Trifanz Attends Public Training Session on the New Edition of the “Quality Management Specifications for Medical Device Production”

On May 19, 2026, a public training session on the new edition of the “Quality Management Specifications for Medical Device Production” was held in Hangzhou, organized by the Zhejiang Provincial Drug Administration and co-hosted by the Zhejiang Medical Device Industry Association. More than ten representatives from Trifanz, including the Management Representative, Quality Department Manager, Production Department Manager, inspection and release personnel, and materials control and procurement staff, attended the training.

At the opening of the training, Ye Lin, Secretary-General of the Zhejiang Medical Device Industry Association, delivered a welcome address, extending a warm welcome to the guests and corporate representatives in attendance, and introduced the background of the event. Liu Xianming, Director of the Medical Device Division at the Zhejiang Provincial Drug Administration, attended the event and delivered remarks.

The morning session was led by Professor Wang Qizhi, a Second-Level Researcher at the Zhejiang Provincial Drug Inspection Center. As a co-author of the new GMP and a national-level inspector, Professor Wang provided an in-depth interpretation of core modules including the background and rationale for the revision, design and development, quality control, and product release. Starting with the revision’s background, he analyzed the key changes in design and development as well as quality control chapter by chapter. The afternoon session was led by two other instructors from the Provincial Drug Administration, focusing on practical chapters such as procurement, validation and verification, production management, and contract manufacturing. By combining the original text of the provisions with key inspection points, they helped enterprises accurately grasp the differences between the new and old versions.
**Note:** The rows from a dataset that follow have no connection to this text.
lemma card_le_card_add_disagreements:
  fixes n :: nat
  shows "card {i. i < n \<and> P i} \<le> card {i. i < n \<and> Q i} + card {i. i < n \<and> P i \<and> \<not> Q i}"
proof -
  have "card {i. i < n \<and> P i} \<le> card ({i. i < n \<and> Q i} \<union> {i. i < n \<and> P i \<and> \<not> Q i})"
    by (intro card_mono) (auto simp: finite_Collect_conjI)
  also have "\<dots> \<le> card {i. i < n \<and> Q i} + card {i. i < n \<and> P i \<and> \<not> Q i}"
    by (rule card_Un_le)
  finally show ?thesis .
qed

lemma card_disagreements_at_one_seam:
  fixes P Q :: "nat \<Rightarrow> bool" and k r :: nat
  assumes agree: "\<And>i. i < k + r \<Longrightarrow> i + b \<le> k \<or> k \<le> i \<and> i + b \<le> k + r \<Longrightarrow> P i = Q i"
    and one_seam: "\<And>i j. i < k \<Longrightarrow> k < i + b \<Longrightarrow> j < r \<Longrightarrow> r < j + b
      \<Longrightarrow> P i \<Longrightarrow> \<not> Q i \<Longrightarrow> P (j + k) \<Longrightarrow> \<not> Q (j + k) \<Longrightarrow> False"
  shows "card {i. i < k + r \<and> P i \<and> \<not> Q i} \<le> b - 1"
proof -
  let ?X = "{i. i < k + r \<and> P i \<and> \<not> Q i}"
  have "?X \<subseteq> {i. i < k \<and> k < i + b} \<or> ?X \<subseteq> {i. i < k + r \<and> k + r < i + b}"
  proof (rule ccontr)
    assume "\<not> ?thesis"
    then obtain i i' where i: "i \<in> ?X" "\<not> (i < k \<and> k < i + b)"
      and i': "i' \<in> ?X" "\<not> (i' < k + r \<and> k + r < i' + b)"
      by blast
    have "\<not> (i + b \<le> k \<or> k \<le> i \<and> i + b \<le> k + r)"
      using i(1) agree[of i] by auto
    with i(2) have "k \<le> i" "k + r < i + b"
      by auto
    have "\<not> (i' + b \<le> k \<or> k \<le> i' \<and> i' + b \<le> k + r)"
      using i'(1) agree[of i'] by auto
    with i'(1,2) have "i' < k" "k < i' + b"
      by auto
    moreover have "i - k < r" "r < i - k + b" "i - k + k = i"
      using i(1) \<open>k \<le> i\<close> \<open>k + r < i + b\<close> by auto
    ultimately show False
      using one_seam[of i' "i - k"] i(1) i'(1) by auto
  qed
  moreover have "card ?X \<le> b - 1" if "?X \<subseteq> {i. i < m \<and> m < i + b}" for m
    using card_mono[OF _ that] card_crossing_windows[of m b] by (simp add: finite_Collect_conjI)
  ultimately show ?thesis
    by blast
qed
lemma l2_inner_walk_op_indicator:
  assumes wb: "weighted_bipartite V1 V2 E m" and "A \<subseteq> V1 \<union> V2" "B \<subseteq> V1 \<union> V2"
  shows "l2_inner (V1 \<union> V2) E m (walk_op (V1 \<union> V2) E m (indicator A)) (indicator B)
           = edges_weight E m A B"
proof -
  have "finite (V1 \<union> V2)"
    using weighted_bipartiteD(1,2)[OF wb] by simp
  then show ?thesis
    unfolding l2_inner_indicator[OF \<open>finite (V1 \<union> V2)\<close> assms(3)] edges_weight_def
    using vweight_mult_walk_op_indicator[OF wb assms(2)] by simp
qed

lemma expander_mixing_upper:
  assumes wb: "weighted_bipartite V1 V2 E m"
    and "U \<subseteq> V1" "W \<subseteq> V2" "setweight E m V1 > 0"
  shows "edges_weight E m U W - setweight E m U * setweight E m W / setweight E m V1
           \<le> spectral_expansion V1 V2 E m * sqrt (setweight E m U) * sqrt (setweight E m W)"
proof -
  let ?V = "V1 \<union> V2"
  let ?M = "walk_op ?V E m"
  let ?lam = "spectral_expansion V1 V2 E m"
  define b where "b = setweight E m U / setweight E m V1"
  define f where "f = (\<lambda>v. indicator U v - b * indicator V1 v :: real)"
  have fin: "finite ?V"
    using weighted_bipartiteD(1,2)[OF wb] by simp
  have subsets: "U \<subseteq> ?V" "V1 \<subseteq> ?V" "V2 \<subseteq> ?V" "W \<subseteq> ?V"
    using assms(2,3) by auto
  have inner_indicator: "l2_inner ?V E m (indicator S) (indicator T) = setweight E m (S \<inter> T)"
    if "S \<subseteq> ?V" "T \<subseteq> ?V" for S T
    unfolding setweight_def l2_inner_indicator[OF fin that(2)]
      Indicator_Function.sum_mult_indicator[OF finite_subset[OF that(2) fin]]
    by (simp only: Int_commute)
  have f_V1: "l2_inner ?V E m f (indicator V1) = 0"
    unfolding f_def l2_inner_diff_scaled inner_indicator[OF subsets(1,2)]
      inner_indicator[OF subsets(2,2)] b_def
    using assms(2,4) by (simp add: Int_absorb2)
  have "U \<inter> V2 = {}" "V1 \<inter> V2 = {}"
    using assms(2) weighted_bipartiteD(3)[OF wb] by auto
  then have f_V2: "l2_inner ?V E m f (indicator V2) = 0"
    unfolding f_def l2_inner_diff_scaled inner_indicator[OF subsets(1,3)]
      inner_indicator[OF subsets(2,3)]
    by (simp add: setweight_def)
  have f_U: "l2_inner ?V E m f (indicator U) = (1 - b) * setweight E m U"
    unfolding f_def l2_inner_diff_scaled inner_indicator[OF subsets(1,1)]
      inner_indicator[OF subsets(2,1)]
    using assms(2) by (simp add: Int_absorb1 algebra_simps)
  have "l2_inner ?V E m f f = l2_inner ?V E m (indicator U) f - b * l2_inner ?V E m (indicator V1) f"
    using l2_inner_diff_scaled[of ?V E m "indicator U" b "indicator V1" f] unfolding f_def[symmetric] .
  then have "l2_inner ?V E m f f = (1 - b) * setweight E m U"
    using f_U f_V1 l2_inner_commute[of ?V E m f "indicator U"]
      l2_inner_commute[of ?V E m f "indicator V1"] by simp
  moreover have "b * setweight E m U \<ge> 0"
    unfolding b_def using setweight_nonneg[OF wb] by simp
  ultimately have "l2_inner ?V E m f f \<le> setweight E m U"
    by (simp add: algebra_simps)
  then have f_norm: "l2_norm ?V E m f \<le> sqrt (setweight E m U)"
    unfolding l2_norm_def by (rule real_sqrt_le_mono)
  have "edges_weight E m U W - b * setweight E m W = l2_inner ?V E m (?M f) (indicator W)"
    unfolding f_def walk_op_diff_scaled l2_inner_diff_scaled
      l2_inner_walk_op_indicator[OF wb subsets(1,4)] l2_inner_walk_op_indicator[OF wb subsets(2,4)]
      edges_weight_V1[OF wb assms(3)] ..
  also have "\<dots> \<le> l2_norm ?V E m (?M f) * l2_norm ?V E m (indicator W)"
    using vweight_nonneg[OF wb] by (intro l2_inner_le_l2_norm_mult)
  also have "\<dots> \<le> ?lam * l2_norm ?V E m f * sqrt (setweight E m W)"
    unfolding l2_norm_indicator[OF fin subsets(4)]
    using spectral_expansionD(2)[OF wb f_V1 f_V2]
    by (rule mult_right_mono) (simp add: setweight_nonneg[OF wb])
  also have "\<dots> \<le> ?lam * sqrt (setweight E m U) * sqrt (setweight E m W)"
    using mult_left_mono[OF f_norm spectral_expansionD(1)[OF wb]]
    by (rule mult_right_mono) (simp add: setweight_nonneg[OF wb])
  finally show ?thesis
    unfolding b_def by simp
qed
(* Let $\mathrm{opt}$ be the cost of an optimal solution and $\mathrm{opt}_{LP}$ the optimum value of the linear program LP-CVRP-MD described in the context, and let $(x,z)$ be an optimal solution of that LP. Define $\delta$ by $\sum_{r \in R}\sum_{v \in C} 2\,c(v,r)\, z^r_{v,v} = (1-\delta)\,\mathrm{opt}_{LP}$. Then $\mathrm{opt}_{LP} \le \mathrm{opt}$ and $\mathrm{lb} \le (1-\delta)\,\mathrm{opt}_{LP}$, where $\mathrm{lb} = \frac{2}{k}\sum_{v \in C} c(v,R)$.
   Context: Problem (Capacitated Vehicle Routing with Multiple Depots): nonempty disjoint finite sets $C$ (clients) and $R$ (depots), $V = C \cup R$, a metric $c$ on $V$, and an integer capacity $k \ge 1$. A feasible solution is a collection of tours, each starting and ending at a depot and visiting at most $k$ clients, such that every client is on some tour; its cost is the total edge cost; $\mathrm{opt}$ is the minimum cost. It is assumed that $c(v,R) := \min_{r \in R} c(v,r) > 0$ for every client $v$. Consider the complete bidirected graph on $V$ (each unordered pair $\{a,b\}$ gives directed edges $(a,b)$ and $(b,a)$, each of cost $c(a,b)$). For a vector $y$ on directed edges and $S \subseteq V$, $y(\delta^{in}(S))$ and $y(\delta^{out}(S))$ denote the sums of $y$ over directed edges entering, resp. leaving, $S$ (for a single vertex $u$ write $\delta^{in}(u)$, $\delta^{out}(u)$). LP-CVRP-MD has variables $x^r_{v,e} \ge 0$ for $r \in R$, $v \in C$, directed edges $e$, and $z^r_{v,u} \ge 0$ for $r \in R$, $v \in C$, $u \in V$; write $x^r_v$ for the vector $(x^r_{v,e})_e$. It minimizes $\sum_{r \in R}\sum_{v \in C}\sum_e c(e)\, x^r_{v,e}$ subject to: (1) for all $r \in R$, $v \in C$, $u \in V$: $x^r_v(\delta^{out}(u))$ equals $2 z^r_{v,v}$ if $u = r$, equals $0$ if $u = v$, and equals $z^r_{v,u}$ otherwise; (2) for all $r \in R$, $v \in C$, $u \in V$: $x^r_v(\delta^{in}(u))$ equals $0$ if $u = r$, equals $2 z^r_{v,v}$ if $u = v$, and equals $z^r_{v,u}$ otherwise; (3) $x^r_v(\delta^{in}(S)) \ge z^r_{v,u}$ for all $r \in R$, $v \in C$, $u \in V$ and all $S$ with $u \in S \subseteq V \setminus \{r\}$; (4) $\sum_{r \in R}\sum_{v \in C} z^r_{v,u} = 1$ for every client $u \in C$; (5) $z^r_{v,u} \le z^r_{v,v}$ for all $r \in R$, $u,v \in C$; (6) $z^r_{v,u} = 0$ for all $r \in R$, $u,v \in C$ with $c(u,r) > c(v,r)$; (7) $\sum_{u \in C} z^r_{v,u} \le k\, z^r_{v,v}$ for all $r \in R$, $v \in C$. Its optimum value is $\mathrm{opt}_{LP}$. *)

theory Defs
  imports "HOL-Analysis.Analysis"
begin

definition metric_on :: "'a set \<Rightarrow> ('a \<Rightarrow> 'a \<Rightarrow> real) \<Rightarrow> bool" where
  "metric_on V c \<longleftrightarrow>
     (\<forall>a\<in>V. c a a = 0) \<and>
     (\<forall>a\<in>V. \<forall>b\<in>V. 0 \<le> c a b \<and> c a b = c b a) \<and>
     (\<forall>a\<in>V. \<forall>b\<in>V. \<forall>d\<in>V. c a d \<le> c a b + c b d)"

definition dist_set :: "('a \<Rightarrow> 'a \<Rightarrow> real) \<Rightarrow> 'a \<Rightarrow> 'a set \<Rightarrow> real" where
  "dist_set c v R = Min ((\<lambda>r. c v r) ` R)"

fun walk_cost :: "('a \<Rightarrow> 'a \<Rightarrow> real) \<Rightarrow> 'a list \<Rightarrow> real" where
  "walk_cost c (a # b # xs) = c a b + walk_cost c (b # xs)"
| "walk_cost c _ = 0"

text \<open>A tour is a depot r together with the sequence of clients visited;
  it is the closed walk r, v1, ..., vm, r.\<close>
definition tour_cost :: "('a \<Rightarrow> 'a \<Rightarrow> real) \<Rightarrow> 'a \<times> 'a list \<Rightarrow> real" where
  "tour_cost c t = walk_cost c (fst t # snd t @ [fst t])"

definition cvrp_feasible ::
  "'a set \<Rightarrow> 'a set \<Rightarrow> nat \<Rightarrow> ('a \<times> 'a list) list \<Rightarrow> bool" where
  "cvrp_feasible C R k T \<longleftrightarrow>
     (\<forall>t\<in>set T. fst t \<in> R \<and> set (snd t) \<subseteq> C \<and> card (set (snd t)) \<le> k) \<and>
     (\<forall>u\<in>C. \<exists>t\<in>set T. u \<in> set (snd t))"
lemma card_joint_type_words_mult_prod_fact:
  fixes H :: "'b::finite \<times> 'a::finite \<Rightarrow> nat"
  assumes "\<And>a. (\<Sum>b\<in>UNIV. H (b, a)) = count (mset z) a"
  shows "card (joint_type_words z H) * (\<Prod>c\<in>UNIV. fact (H c)) = (\<Prod>a\<in>UNIV. fact (count (mset z) a))"
  using assms
proof (induction z arbitrary: H)
  case Nil
  then have "H = (\<lambda>_. 0)" by (auto simp: fun_eq_iff)
  then have "joint_type_words [] H = {[]}" by (auto simp: joint_type_words_def)
  with \<open>H = (\<lambda>_. 0)\<close> show ?case by simp
next
  case (Cons a z)
  define H' where "H' b = H((b, a) := H (b, a) - 1)" for b
  define B where "B = {b. 0 < H (b, a)}"
  have step: "card (joint_type_words z (H' b)) * (\<Prod>c\<in>UNIV. fact (H c)) =
      H (b, a) * (\<Prod>a\<in>UNIV. fact (count (mset z) a))" if "b \<in> B" for b
  proof -
    have "(\<Sum>b'\<in>UNIV. H' b (b', a')) = count (mset z) a'" for a'
      using sum_Pair_fun_upd_decrement[of H b a a'] Cons.prems[of a'] \<open>b \<in> B\<close>
      by (simp add: H'_def B_def)
    note Cons.IH[OF this]
    moreover have "(\<Prod>c\<in>UNIV. fact (H c)) = H (b, a) * (\<Prod>c\<in>UNIV. fact (H' b c))"
      using prod_fact_decrement[of H "(b, a)"] \<open>b \<in> B\<close> by (simp add: H'_def B_def)
    ultimately show ?thesis
      by (metis mult.left_commute)
  qed
  have "card (joint_type_words (a # z) H) = (\<Sum>b\<in>B. card (joint_type_words z (H' b)))"
    unfolding joint_type_words_Cons H'_def[symmetric] B_def[symmetric]
    by (subst card_UN_disjoint) (auto simp: finite_joint_type_words card_image)
  then have "card (joint_type_words (a # z) H) * (\<Prod>c\<in>UNIV. fact (H c)) =
      (\<Sum>b\<in>B. H (b, a)) * (\<Prod>a\<in>UNIV. fact (count (mset z) a))"
    by (simp add: sum_distrib_right step)
  also have "(\<Sum>b\<in>B. H (b, a)) = (\<Sum>b\<in>UNIV. H (b, a))"
    by (rule sum.mono_neutral_left) (auto simp: B_def)
  also have "\<dots> = count (mset (a # z)) a"
    by (rule Cons.prems)
  also have "\<dots> * (\<Prod>a\<in>UNIV. fact (count (mset z) a)) = (\<Prod>a'\<in>UNIV. fact (count (mset (a # z)) a'))"
  proof -
    have dec: "(count (mset (a # z)))(a := count (mset (a # z)) a - 1) = count (mset z)"
      by (auto simp: fun_eq_iff)
    from prod_fact_decrement[of "count (mset (a # z))" a, unfolded dec] show ?thesis
      by simp
  qed
  finally show ?case .
qed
During the training, representatives from three companies, including Terumo Medical Products (Hangzhou), shared their practical approaches to upgrading their systems in accordance with the new GMP, providing participating enterprises with concrete examples for reference.

On November 4, 2025, the National Medical Products Administration (NMPA) issued the new edition of the “Medical Device Production Quality Management Specifications” (Announcement No. 107), which will officially take effect on November 1, 2026. Revised from the 2014 version, the new edition incorporates new concepts such as full lifecycle management and risk management, and adds requirements for digital supervision, setting higher standards for the operation of quality management systems at medical device manufacturers.

Trifanz dispatched a team of over ten members from key departments—including management, production, quality, testing, and procurement—to attend the training. The aim was to promptly grasp the changes in the new regulations, align with the updated requirements in advance, and prepare for the subsequent revision of system documentation and quality management upgrades.

As a manufacturer of respiratory and anesthesia consumables that has obtained ISO 13485 certification and whose products are distributed across 80 countries and regions worldwide, Trifanz has always regarded quality compliance as the lifeline of the company. This training initiative represents a concrete step in the company’s ongoing efforts to refine its quality management system and fulfill its mission of “making every breath worthy of trust.”

With approximately five and a half months remaining before the new “Specifications” take effect, Trifanz will use this opportunity to systematically advance the internal system update. This will ensure a seamless transition when the new regulations are implemented, enabling the company to provide stable and reliable medical consumables to global customers through higher quality standards and stricter compliance requirements.